WORK INSTRUCTIONS: Give back the entire listing exactly as it was provided.

TASK INPUTS:
lemma sgn_perm_eq_inversion_sign:
  assumes "finite A" "inj_on \<sigma> A"
  shows "sgn_perm A \<sigma> = inversion_sign \<sigma> A"
proof -
  define l where "l = sorted_list_of_set A"
  define ys where "ys = map \<sigma> l"
  have l: "sorted_wrt (<) l" "distinct l" "set l = A" "length l = card A"
    using assms(1) by (simp_all add: l_def strict_sorted_list_of_set)
  have len: "length ys = card A"
    using l by (simp add: ys_def)
  obtain \<tau> where \<tau>: "\<tau> permutes {..<card A}" "permute_list \<tau> ys = sort ys"
    by (rule mset_eq_permutation[of "sort ys" ys]) (simp_all add: len)
  have "sgn_perm A \<sigma> = of_int (sign \<tau>)"
    using assms \<tau> by (intro sgn_perm_eq_sign) (simp_all add: ys_def l_def)
  also have "\<dots> = inversion_sign ((!) ys) {..<card A}"
    using sign_sorting_permutation[of ys] \<tau> l assms(2) by (simp add: len ys_def distinct_map)
  also have "\<dots> = inversion_sign (\<sigma> \<circ> (!) l) {..<card A}"
    using l by (intro inversion_sign_cong) (simp add: ys_def)
  also have "\<dots> = inversion_sign \<sigma> A"
    using l by (intro inversion_sign_reindex[symmetric] strict_mono_onI bij_betw_nth)
      (simp_all add: sorted_wrt_nth_less)
  finally show ?thesis .
qed

lemma bd_coeff_remove:
  assumes "finite s" "v \<in> s"
  shows "bd_coeff s (s - {v}) = (-1) ^ card {i\<in>s. i < v}"
proof -
  have "s - (s - {v}) = {v}" "card s > 0"
    using assms by (auto simp: card_gt_0_iff)
  then show ?thesis
    using assms by (simp add: bd_coeff_def card_Suc_Diff1)
qed

lemma bd_coeff_eq_0:
  assumes "finite s" "\<And>v. v \<in> s \<Longrightarrow> t \<noteq> s - {v}"
  shows "bd_coeff s t = 0"
proof (rule ccontr)
  assume "bd_coeff s t \<noteq> 0"
  then have "t \<subseteq> s" "card s = Suc (card t)"
    by (auto simp: bd_coeff_def split: if_splits)
  then have "card (s - t) = 1"
    using assms(1) by (simp add: card_Diff_subset finite_subset)
  then obtain v where "s - t = {v}"
    by (rule card_1_singletonE)
  then have "v \<in> s" "t = s - {v}"
    using \<open>t \<subseteq> s\<close> by auto
  then show False using assms(2) by blast
qed

lemma bd_coeff_image:
  assumes "inj \<sigma>" "finite s"
  shows "bd_coeff (\<sigma> ` s) (\<sigma> ` t) = sgn_perm s \<sigma> * sgn_perm t \<sigma> * bd_coeff s t"
proof (cases "\<exists>v\<in>s. t = s - {v}")
  case True
  then obtain v where v: "v \<in> s" "t = s - {v}" by blast
  have inj_on_sigma: "inj_on \<sigma> A" for A
    using assms(1) by (rule inj_on_subset) simp
  define a where "a = card {i\<in>s. i < v}"
  define b where "b = card {i\<in>s. \<sigma> i < \<sigma> v}"
  have "{w \<in> \<sigma> ` s. w < \<sigma> v} = \<sigma> ` {i\<in>s. \<sigma> i < \<sigma> v}" by auto
  then have "bd_coeff (\<sigma> ` s) (\<sigma> ` t) = (-1) ^ b"
    using bd_coeff_remove[of "\<sigma> ` s" "\<sigma> v"] assms v
    by (simp add: b_def image_set_diff card_image inj_on_sigma)
  moreover have "sgn_perm s \<sigma> * sgn_perm t \<sigma> = (-1) ^ a * (-1) ^ b"
    using inversion_sign_remove[OF assms(2) v(1) inj_on_sigma] inversion_sign_square[of \<sigma> t] assms(2) v
    by (simp add: a_def b_def sgn_perm_eq_inversion_sign inj_on_sigma power2_eq_square)
  moreover have "bd_coeff s t = (-1) ^ a"
    using assms(2) v by (simp add: a_def bd_coeff_remove)
  moreover have "(-1 :: real) ^ a * (-1) ^ a = 1"
    by (simp flip: power_add)
  ultimately show ?thesis
    by (metis mult.commute mult.left_neutral mult.assoc)
next
  case False
  have "\<sigma> ` t \<noteq> \<sigma> ` s - {w}" if w: "w \<in> \<sigma> ` s" for w
  proof
    assume "\<sigma> ` t = \<sigma> ` s - {w}"
    moreover obtain v where "v \<in> s" "w = \<sigma> v" using w by blast
    ultimately have "\<sigma> ` t = \<sigma> ` (s - {v})" using assms(1) by (simp add: image_set_diff)
    then have "t = s - {v}" using assms(1) by (simp add: inj_image_eq_iff)
    then show False using False \<open>v \<in> s\<close> by blast
  qed
  then show ?thesis
    using False assms by (simp add: bd_coeff_eq_0)
qed

definition S_chain :: "nat set set \<Rightarrow> nat \<Rightarrow> (nat \<Rightarrow> nat) \<Rightarrow> (nat set \<Rightarrow> real) \<Rightarrow> (nat set \<Rightarrow> real)" where
  "S_chain X k \<sigma> x = (\<lambda>t. if t \<in> cfaces X k then sgn_perm (inv \<sigma> ` t) \<sigma> * x (inv \<sigma> ` t) else 0)"

lemma sgn_perm_cases: "sgn_perm A \<sigma> = 1 \<or> sgn_perm A \<sigma> = -1"
  unfolding sgn_perm_def Let_def sign_def by simp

REPLY:
lemma sgn_perm_eq_inversion_sign:
  assumes "finite A" "inj_on \<sigma> A"
  shows "sgn_perm A \<sigma> = inversion_sign \<sigma> A"
proof -
  define l where "l = sorted_list_of_set A"
  define ys where "ys = map \<sigma> l"
  have l: "sorted_wrt (<) l" "distinct l" "set l = A" "length l = card A"
    using assms(1) by (simp_all add: l_def strict_sorted_list_of_set)
  have len: "length ys = card A"
    using l by (simp add: ys_def)
  obtain \<tau> where \<tau>: "\<tau> permutes {..<card A}" "permute_list \<tau> ys = sort ys"
    by (rule mset_eq_permutation[of "sort ys" ys]) (simp_all add: len)
  have "sgn_perm A \<sigma> = of_int (sign \<tau>)"
    using assms \<tau> by (intro sgn_perm_eq_sign) (simp_all add: ys_def l_def)
  also have "\<dots> = inversion_sign ((!) ys) {..<card A}"
    using sign_sorting_permutation[of ys] \<tau> l assms(2) by (simp add: len ys_def distinct_map)
  also have "\<dots> = inversion_sign (\<sigma> \<circ> (!) l) {..<card A}"
    using l by (intro inversion_sign_cong) (simp add: ys_def)
  also have "\<dots> = inversion_sign \<sigma> A"
    using l by (intro inversion_sign_reindex[symmetric] strict_mono_onI bij_betw_nth)
      (simp_all add: sorted_wrt_nth_less)
  finally show ?thesis .
qed

lemma bd_coeff_remove:
  assumes "finite s" "v \<in> s"
  shows "bd_coeff s (s - {v}) = (-1) ^ card {i\<in>s. i < v}"
proof -
  have "s - (s - {v}) = {v}" "card s > 0"
    using assms by (auto simp: card_gt_0_iff)
  then show ?thesis
    using assms by (simp add: bd_coeff_def card_Suc_Diff1)
qed

lemma bd_coeff_eq_0:
  assumes "finite s" "\<And>v. v \<in> s \<Longrightarrow> t \<noteq> s - {v}"
  shows "bd_coeff s t = 0"
proof (rule ccontr)
  assume "bd_coeff s t \<noteq> 0"
  then have "t \<subseteq> s" "card s = Suc (card t)"
    by (auto simp: bd_coeff_def split: if_splits)
  then have "card (s - t) = 1"
    using assms(1) by (simp add: card_Diff_subset finite_subset)
  then obtain v where "s - t = {v}"
    by (rule card_1_singletonE)
  then have "v \<in> s" "t = s - {v}"
    using \<open>t \<subseteq> s\<close> by auto
  then show False using assms(2) by blast
qed

lemma bd_coeff_image:
  assumes "inj \<sigma>" "finite s"
  shows "bd_coeff (\<sigma> ` s) (\<sigma> ` t) = sgn_perm s \<sigma> * sgn_perm t \<sigma> * bd_coeff s t"
proof (cases "\<exists>v\<in>s. t = s - {v}")
  case True
  then obtain v where v: "v \<in> s" "t = s - {v}" by blast
  have inj_on_sigma: "inj_on \<sigma> A" for A
    using assms(1) by (rule inj_on_subset) simp
  define a where "a = card {i\<in>s. i < v}"
  define b where "b = card {i\<in>s. \<sigma> i < \<sigma> v}"
  have "{w \<in> \<sigma> ` s. w < \<sigma> v} = \<sigma> ` {i\<in>s. \<sigma> i < \<sigma> v}" by auto
  then have "bd_coeff (\<sigma> ` s) (\<sigma> ` t) = (-1) ^ b"
    using bd_coeff_remove[of "\<sigma> ` s" "\<sigma> v"] assms v
    by (simp add: b_def image_set_diff card_image inj_on_sigma)
  moreover have "sgn_perm s \<sigma> * sgn_perm t \<sigma> = (-1) ^ a * (-1) ^ b"
    using inversion_sign_remove[OF assms(2) v(1) inj_on_sigma] inversion_sign_square[of \<sigma> t] assms(2) v
    by (simp add: a_def b_def sgn_perm_eq_inversion_sign inj_on_sigma power2_eq_square)
  moreover have "bd_coeff s t = (-1) ^ a"
    using assms(2) v by (simp add: a_def bd_coeff_remove)
  moreover have "(-1 :: real) ^ a * (-1) ^ a = 1"
    by (simp flip: power_add)
  ultimately show ?thesis
    by (metis mult.commute mult.left_neutral mult.assoc)
next
  case False
  have "\<sigma> ` t \<noteq> \<sigma> ` s - {w}" if w: "w \<in> \<sigma> ` s" for w
  proof
    assume "\<sigma> ` t = \<sigma> ` s - {w}"
    moreover obtain v where "v \<in> s" "w = \<sigma> v" using w by blast
    ultimately have "\<sigma> ` t = \<sigma> ` (s - {v})" using assms(1) by (simp add: image_set_diff)
    then have "t = s - {v}" using assms(1) by (simp add: inj_image_eq_iff)
    then show False using False \<open>v \<in> s\<close> by blast
  qed
  then show ?thesis
    using False assms by (simp add: bd_coeff_eq_0)
qed

definition S_chain :: "nat set set \<Rightarrow> nat \<Rightarrow> (nat \<Rightarrow> nat) \<Rightarrow> (nat set \<Rightarrow> real) \<Rightarrow> (nat set \<Rightarrow> real)" where
  "S_chain X k \<sigma> x = (\<lambda>t. if t \<in> cfaces X k then sgn_perm (inv \<sigma> ` t) \<sigma> * x (inv \<sigma> ` t) else 0)"

lemma sgn_perm_cases: "sgn_perm A \<sigma> = 1 \<or> sgn_perm A \<sigma> = -1"
  unfolding sgn_perm_def Let_def sign_def by simp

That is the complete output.